→ **Prompt**: Select all lines in the records that include "word".

Start of Block

text \<open>Elements of the Weyl algebra D_2 over the complex numbers, in normally ordered form:
  the finitely supported map c represents the sum over (a1,a2,b1,b2) of
  c(a1,a2,b1,b2) * y1^a1 y2^a2 d1^b1 d2^b2  (d_i = partial derivative in y_i).\<close>

type_synonym weyl = "(nat \<times> nat \<times> nat \<times> nat) \<Rightarrow>\<^sub>0 complex"

type_synonym bipoly = "(nat \<times> nat) \<Rightarrow>\<^sub>0 complex"

text \<open>Product of two normally ordered monomials, via the Leibniz rule
  d^b y^c = sum_k (b choose k) (c choose k) k! y^(c-k) d^(b-k) in each variable.\<close>
definition wmono_mult :: "nat \<times> nat \<times> nat \<times> nat \<Rightarrow> nat \<times> nat \<times> nat \<times> nat \<Rightarrow> complex \<Rightarrow> weyl" where
  "wmono_mult p q r = (case p of (a1, a2, b1, b2) \<Rightarrow> case q of (c1, c2, d1, d2) \<Rightarrow>
     (\<Sum>k1\<in>{..min b1 c1}. \<Sum>k2\<in>{..min b2 c2}.
        Poly_Mapping.single (a1 + c1 - k1, a2 + c2 - k2, b1 + d1 - k1, b2 + d2 - k2)
          (r * of_nat ((b1 choose k1) * (c1 choose k1) * fact k1)
             * of_nat ((b2 choose k2) * (c2 choose k2) * fact k2))))"

definition wmult :: "weyl \<Rightarrow> weyl \<Rightarrow> weyl" (infixl \<open>\<star>\<close> 70) where
  "wmult c d = (\<Sum>p\<in>Poly_Mapping.keys c. \<Sum>q\<in>Poly_Mapping.keys d. wmono_mult p q (Poly_Mapping.lookup c p * Poly_Mapping.lookup d q))"

definition wscale :: "complex \<Rightarrow> weyl \<Rightarrow> weyl" where
  "wscale r c = (\<Sum>p\<in>Poly_Mapping.keys c. Poly_Mapping.single p (r * Poly_Mapping.lookup c p))"

definition wone :: weyl where "wone = Poly_Mapping.single (0, 0, 0, 0) 1"

primrec wpow :: "weyl \<Rightarrow> nat \<Rightarrow> weyl" where
  "wpow c 0 = wone"
| "wpow c (Suc n) = c \<star> wpow c n"

definition wy1 :: weyl where "wy1 = Poly_Mapping.single (1, 0, 0, 0) 1"
definition wy2 :: weyl where "wy2 = Poly_Mapping.single (0, 1, 0, 0) 1"

definition theta1 :: weyl where "theta1 = Poly_Mapping.single (1, 0, 1, 0) 1"
definition theta2 :: weyl where "theta2 = Poly_Mapping.single (0, 1, 0, 1) 1"

definition bieval :: "bipoly \<Rightarrow> weyl \<Rightarrow> weyl \<Rightarrow> weyl" where
  "bieval P x1 x2 = (\<Sum>(i, j)\<in>Poly_Mapping.keys P. wscale (Poly_Mapping.lookup P (i, j)) (wpow x1 i \<star> wpow x2 j))"

definition ueval :: "complex poly \<Rightarrow> weyl \<Rightarrow> weyl" where
  "ueval f x = (\<Sum>k\<le>degree f. wscale (coeff f k) (wpow x k))"

definition bideg :: "bipoly \<Rightarrow> nat" where
  "bideg P = Max ((\<lambda>(i, j). i + j) ` Poly_Mapping.keys P \<union> {0})"

text \<open>Order of an operator (total degree in y and d of its normally ordered form) and its
  principal symbol in C[y1,y2,z1,z2], viewed as a polynomial function.\<close>
definition word :: "weyl \<Rightarrow> nat" where
  "word c = Max ((\<lambda>(a1, a2, b1, b2). a1 + a2 + b1 + b2) ` Poly_Mapping.keys c \<union> {0})"

definition psymb :: "weyl \<Rightarrow> complex \<Rightarrow> complex \<Rightarrow> complex \<Rightarrow> complex \<Rightarrow> complex" where
  "psymb c y1 y2 z1 z2 =
     (\<Sum>(a1, a2, b1, b2)\<in>{m\<in>Poly_Mapping.keys c. (case m of (a1, a2, b1, b2) \<Rightarrow> a1 + a2 + b1 + b2) = word c}.
        Poly_Mapping.lookup c (a1, a2, b1, b2) * y1 ^ a1 * y2 ^ a2 * z1 ^ b1 * z2 ^ b2)"

definition left_ideal2 :: "weyl \<Rightarrow> weyl \<Rightarrow> weyl set" where
  "left_ideal2 u v = {a \<star> u + b \<star> v | a b. True}"

end

theory Submission
  imports Defs "Subresultants.Subresultant_Gcd" "HOL-Computational_Algebra.Field_as_Ring"
begin

text \<open>Let \<open>D_2\<close> act on formal sums \<open>\<Sum>\<^sub>s u(s) y^s\<close> with complex exponents
  \<open>s \<in> \<complex>\<^sup>2\<close>, recorded by their coefficient functions \<open>u\<close>. This representation is faithful, \<open>\<theta>\<^sub>i\<close>
  acts as multiplication by \<open>s\<^sub>i\<close> and \<open>y\<^sub>i\<close> as the shift \<open>s \<mapsto> s - e\<^sub>i\<close>, so operator identities
  become identities between functions of \<open>s\<close>. In it the two hypotheses on \<open>P\<^sub>i\<close> and \<open>Q\<^sub>i\<close> give
  \<open>f(t - 1) \<Psi> = y\<^sub>1 P\<^sub>1(\<theta>) U\<^sub>2 - y\<^sub>2 P\<^sub>2(\<theta>) U\<^sub>1\<close> and
  \<open>g(t - 1) \<Psi> = Q\<^sub>1(\<theta> - e\<^sub>2) U\<^sub>2 - Q\<^sub>2(\<theta> - e\<^sub>1) U\<^sub>1\<close>, and a Bezout identity
  \<open>R(f, g) = A f + B g\<close> evaluated at \<open>t - 1\<close> combines them.\<close>

definition ffact :: "'a::comm_ring_1 \<Rightarrow> nat \<Rightarrow> 'a" where
  "ffact x n = (\<Prod>i<n. x - of_nat i)"

lemma ffact_0 [simp]: "ffact x 0 = 1"
  by (simp add: ffact_def)

lemma ffact_add: "ffact x (m + n) = ffact x m * ffact (x - of_nat m) n"
  by (induction n) (simp_all add: ffact_def algebra_simps)

lemma ffact_pochhammer: "ffact x n = (- 1) ^ n * pochhammer (- x) n"
  by (induction n) (simp_all add: ffact_def pochhammer_Suc algebra_simps)

lemma ffact_binomial_sum:
  "ffact (a + b) n = (\<Sum>k\<le>n. of_nat (n choose k) * ffact a k * ffact b (n - k))"
proof -
  have "ffact (a + b) n = (- 1) ^ n * pochhammer (- a + - b) n"
    by (simp add: ffact_pochhammer)
  also have "\<dots> = (\<Sum>k\<le>n. of_nat (n choose k) * ((- 1) ^ k * pochhammer (- a) k)
                     * ((- 1) ^ (n - k) * pochhammer (- b) (n - k)))"
    unfolding pochhammer_binomial_sum sum_distrib_left
  proof (rule sum.cong [OF refl])
    fix k assume "k \<in> {..n}"
    then have "(- 1) ^ n = ((- 1) ^ k * (- 1) ^ (n - k) :: 'a)"
      by (simp flip: power_add)
    then show "(- 1) ^ n * (of_nat (n choose k) * pochhammer (- a) k * pochhammer (- b) (n - k))
        = of_nat (n choose k) * ((- 1) ^ k * pochhammer (- a) k) * ((- 1) ^ (n - k) * pochhammer (- b) (n - k))"
      by (simp add: mult_ac)
  qed
  finally show ?thesis
    by (simp add: ffact_pochhammer)
qed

End of Block

→ **Answer space**:
definition word :: "weyl \<Rightarrow> nat" where
  "word c = Max ((\<lambda>(a1, a2, b1, b2). a1 + a2 + b1 + b2) ` Poly_Mapping.keys c \<union> {0})"
     (\<Sum>(a1, a2, b1, b2)\<in>{m\<in>Poly_Mapping.keys c. (case m of (a1, a2, b1, b2) \<Rightarrow> a1 + a2 + b1 + b2) = word c}.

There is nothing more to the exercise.